(Given data begins)

(* Let $\Omega\subset\mathbb{R}^d$ be nonempty, convex and compact with diameter $D$ (i.e. $\|x-y\|\le D$ for all $x,y\in\Omega$). Let $z$ be a random variable with distribution $\mathcal{P}$ supported on $\Xi\subset\mathbb{R}^p$, let $f(\cdot,z)$ be differentiable for each $z\in\Xi$ with $\|\nabla f(x,z)\|\le G$ for all $x\in\Omega$, $z\in\Xi$, and let $F(x)=\mathbb{E}_z[f(x,z)]$ be differentiable with $\nabla F(x)=\mathbb{E}_z[\nabla f(x,z)]$ and $L$-smooth on $\Omega$. Let $x^*\in\arg\min_{x\in\Omega}F(x)$, $x_0\in\Omega$, $T\ge 1$ an integer and $\beta\ge \frac{2(F(x_0)-F(x^* ))}{LD^2}$, $\beta>0$. Run the algorithm SFW (defined in the context) with constant step size $\gamma_t=\gamma=\sqrt{\frac{2(F(x_0)-F(x^* ))}{TLD^2\beta}}$ and minibatch sizes $b_t=b=T$ for all $t\in\{0,\dots,T-1\}$. Then its output $x_a$ satisfies $$\mathbb{E}[\mathcal{G}(x_a)]\le \frac{D}{\sqrt{T}}\left(G+\sqrt{\frac{2L(F(x_0)-F(x^* ))}{\beta}}\,(1+\beta)\right).$$
   Context: $F$ is $L$-smooth on $\Omega$ means $\|\nabla F(x)-\nabla F(y)\|\le L\|x-y\|$ for all $x,y\in\Omega$; $\|\cdot\|$ is the Euclidean norm. The Frank–Wolfe gap is $\mathcal{G}(x)=\max_{v\in\Omega}\langle v-x,-\nabla F(x)\rangle$. Algorithm SFW (input $x_0\in\Omega$, $T$, step sizes $\gamma_t\in[0,1]$, minibatch sizes $b_t$): for $t=0,\dots,T-1$, draw i.i.d. samples $z_1^t,\dots,z_{b_t}^t\sim\mathcal{P}$ (independent of everything before), compute $v_t\in\arg\max_{v\in\Omega}\langle v,-\frac{1}{b_t}\sum_{i=1}^{b_t}\nabla f(x_t,z_i^t)\rangle$, and set $x_{t+1}=x_t+\gamma_t(v_t-x_t)$. The output $x_a$ is chosen uniformly at random from $\{x_0,\dots,x_{T-1}\}$. The expectation is over all randomness of the algorithm. *)

theory Defs
  imports "HOL-Probability.Probability"
begin

definition fw_gap :: "('a::real_inner) set \<Rightarrow> ('a \<Rightarrow> 'a) \<Rightarrow> 'a \<Rightarrow> real" where
  "fw_gap \<Omega> gF x = (SUP v\<in>\<Omega>. inner (v - x) (- gF x))"

text \<open>The sample outcome omega assigns to (t,i) the i-th sample
  z_i^t of round t.  lmo t c is the chosen maximiser of <v, c> over Omega used in
  round t; gf x z is the stochastic gradient of f(.,z) at x.\<close>
fun sfw_iter :: "(nat \<Rightarrow> 'a \<Rightarrow> 'a) \<Rightarrow> ('a \<Rightarrow> 'z \<Rightarrow> 'a) \<Rightarrow> 'a \<Rightarrow> (nat \<Rightarrow> real)
    \<Rightarrow> (nat \<Rightarrow> nat) \<Rightarrow> (nat \<times> nat \<Rightarrow> 'z) \<Rightarrow> nat \<Rightarrow> 'a::real_vector" where
  "sfw_iter lmo gf x0 \<gamma> b \<omega> 0 = x0"
| "sfw_iter lmo gf x0 \<gamma> b \<omega> (Suc t) =
     (let x = sfw_iter lmo gf x0 \<gamma> b \<omega> t;
          g = (1 / real (b t)) *\<^sub>R (\<Sum>i<b t. gf x (\<omega> (t, i)))
      in x + \<gamma> t *\<^sub>R (lmo t (- g) - x))"

definition sfw_samples :: "nat \<Rightarrow> (nat \<Rightarrow> nat) \<Rightarrow> 'z measure \<Rightarrow> (nat \<times> nat \<Rightarrow> 'z) measure" where
  "sfw_samples T b P = PiM (SIGMA t:{..<T}. {..<b t}) (\<lambda>_. P)"

end

theory Submission
  imports Defs
begin

(* Each SFW step decreases F by at least gamma times the Frank-Wolfe gap, up to a curvature
   term L gamma^2 D^2 / 2 from L-smoothness and an error term D * norm (gF x_t - g_t) from the
   minibatch estimate g_t.  Conditionally on the earlier rounds, g_t is the mean of b_t i.i.d.
   vectors bounded by G, so its expected error is at most G / sqrt b_t.  Summing over t, the
   F-values telescope to (F x_0 - F x^* ) / gamma, and the prescribed gamma balances this
   against the curvature terms. *)

lemma (in prob_space) expectation_le_sqrt_second_moment:
  fixes X :: "'a \<Rightarrow> real"
  assumes "X \<in> borel_measurable M" and "integrable M (\<lambda>x. (X x)\<^sup>2)"
  shows "expectation X \<le> sqrt (expectation (\<lambda>x. (X x)\<^sup>2))"
proof -
  have "integrable M X" using assms by (rule square_integrable_imp_integrable)
  then have "(expectation X)\<^sup>2 \<le> expectation (\<lambda>x. (X x)\<^sup>2)"
    using variance_positive[of X] variance_eq[of X] assms(2) by simp
  then show ?thesis by (simp add: real_le_rsqrt)
qed

lemma (in prob_space) variance_le_second_moment:
  fixes X :: "'a \<Rightarrow> real"
  assumes "integrable M X" and "integrable M (\<lambda>x. (X x)\<^sup>2)"
  shows "variance X \<le> expectation (\<lambda>x. (X x)\<^sup>2)"
  using variance_eq[OF assms] by simp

(Given data ends)

#### [Your assignment]
So that nothing differs from the original, transcribe all of the records above.

#### [Task solution]
(* Let $\Omega\subset\mathbb{R}^d$ be nonempty, convex and compact with diameter $D$ (i.e. $\|x-y\|\le D$ for all $x,y\in\Omega$). Let $z$ be a random variable with distribution $\mathcal{P}$ supported on $\Xi\subset\mathbb{R}^p$, let $f(\cdot,z)$ be differentiable for each $z\in\Xi$ with $\|\nabla f(x,z)\|\le G$ for all $x\in\Omega$, $z\in\Xi$, and let $F(x)=\mathbb{E}_z[f(x,z)]$ be differentiable with $\nabla F(x)=\mathbb{E}_z[\nabla f(x,z)]$ and $L$-smooth on $\Omega$. Let $x^*\in\arg\min_{x\in\Omega}F(x)$, $x_0\in\Omega$, $T\ge 1$ an integer and $\beta\ge \frac{2(F(x_0)-F(x^* ))}{LD^2}$, $\beta>0$. Run the algorithm SFW (defined in the context) with constant step size $\gamma_t=\gamma=\sqrt{\frac{2(F(x_0)-F(x^* ))}{TLD^2\beta}}$ and minibatch sizes $b_t=b=T$ for all $t\in\{0,\dots,T-1\}$. Then its output $x_a$ satisfies $$\mathbb{E}[\mathcal{G}(x_a)]\le \frac{D}{\sqrt{T}}\left(G+\sqrt{\frac{2L(F(x_0)-F(x^* ))}{\beta}}\,(1+\beta)\right).$$
   Context: $F$ is $L$-smooth on $\Omega$ means $\|\nabla F(x)-\nabla F(y)\|\le L\|x-y\|$ for all $x,y\in\Omega$; $\|\cdot\|$ is the Euclidean norm. The Frank–Wolfe gap is $\mathcal{G}(x)=\max_{v\in\Omega}\langle v-x,-\nabla F(x)\rangle$. Algorithm SFW (input $x_0\in\Omega$, $T$, step sizes $\gamma_t\in[0,1]$, minibatch sizes $b_t$): for $t=0,\dots,T-1$, draw i.i.d. samples $z_1^t,\dots,z_{b_t}^t\sim\mathcal{P}$ (independent of everything before), compute $v_t\in\arg\max_{v\in\Omega}\langle v,-\frac{1}{b_t}\sum_{i=1}^{b_t}\nabla f(x_t,z_i^t)\rangle$, and set $x_{t+1}=x_t+\gamma_t(v_t-x_t)$. The output $x_a$ is chosen uniformly at random from $\{x_0,\dots,x_{T-1}\}$. The expectation is over all randomness of the algorithm. *)

theory Defs
  imports "HOL-Probability.Probability"
begin

definition fw_gap :: "('a::real_inner) set \<Rightarrow> ('a \<Rightarrow> 'a) \<Rightarrow> 'a \<Rightarrow> real" where
  "fw_gap \<Omega> gF x = (SUP v\<in>\<Omega>. inner (v - x) (- gF x))"

text \<open>The sample outcome omega assigns to (t,i) the i-th sample
  z_i^t of round t.  lmo t c is the chosen maximiser of <v, c> over Omega used in
  round t; gf x z is the stochastic gradient of f(.,z) at x.\<close>
fun sfw_iter :: "(nat \<Rightarrow> 'a \<Rightarrow> 'a) \<Rightarrow> ('a \<Rightarrow> 'z \<Rightarrow> 'a) \<Rightarrow> 'a \<Rightarrow> (nat \<Rightarrow> real)
    \<Rightarrow> (nat \<Rightarrow> nat) \<Rightarrow> (nat \<times> nat \<Rightarrow> 'z) \<Rightarrow> nat \<Rightarrow> 'a::real_vector" where
  "sfw_iter lmo gf x0 \<gamma> b \<omega> 0 = x0"
| "sfw_iter lmo gf x0 \<gamma> b \<omega> (Suc t) =
     (let x = sfw_iter lmo gf x0 \<gamma> b \<omega> t;
          g = (1 / real (b t)) *\<^sub>R (\<Sum>i<b t. gf x (\<omega> (t, i)))
      in x + \<gamma> t *\<^sub>R (lmo t (- g) - x))"

definition sfw_samples :: "nat \<Rightarrow> (nat \<Rightarrow> nat) \<Rightarrow> 'z measure \<Rightarrow> (nat \<times> nat \<Rightarrow> 'z) measure" where
  "sfw_samples T b P = PiM (SIGMA t:{..<T}. {..<b t}) (\<lambda>_. P)"

end

theory Submission
  imports Defs
begin

(* Each SFW step decreases F by at least gamma times the Frank-Wolfe gap, up to a curvature
   term L gamma^2 D^2 / 2 from L-smoothness and an error term D * norm (gF x_t - g_t) from the
   minibatch estimate g_t.  Conditionally on the earlier rounds, g_t is the mean of b_t i.i.d.
   vectors bounded by G, so its expected error is at most G / sqrt b_t.  Summing over t, the
   F-values telescope to (F x_0 - F x^* ) / gamma, and the prescribed gamma balances this
   against the curvature terms. *)

lemma (in prob_space) expectation_le_sqrt_second_moment:
  fixes X :: "'a \<Rightarrow> real"
  assumes "X \<in> borel_measurable M" and "integrable M (\<lambda>x. (X x)\<^sup>2)"
  shows "expectation X \<le> sqrt (expectation (\<lambda>x. (X x)\<^sup>2))"
proof -
  have "integrable M X" using assms by (rule square_integrable_imp_integrable)
  then have "(expectation X)\<^sup>2 \<le> expectation (\<lambda>x. (X x)\<^sup>2)"
    using variance_positive[of X] variance_eq[of X] assms(2) by simp
  then show ?thesis by (simp add: real_le_rsqrt)
qed

lemma (in prob_space) variance_le_second_moment:
  fixes X :: "'a \<Rightarrow> real"
  assumes "integrable M X" and "integrable M (\<lambda>x. (X x)\<^sup>2)"
  shows "variance X \<le> expectation (\<lambda>x. (X x)\<^sup>2)"
  using variance_eq[OF assms] by simp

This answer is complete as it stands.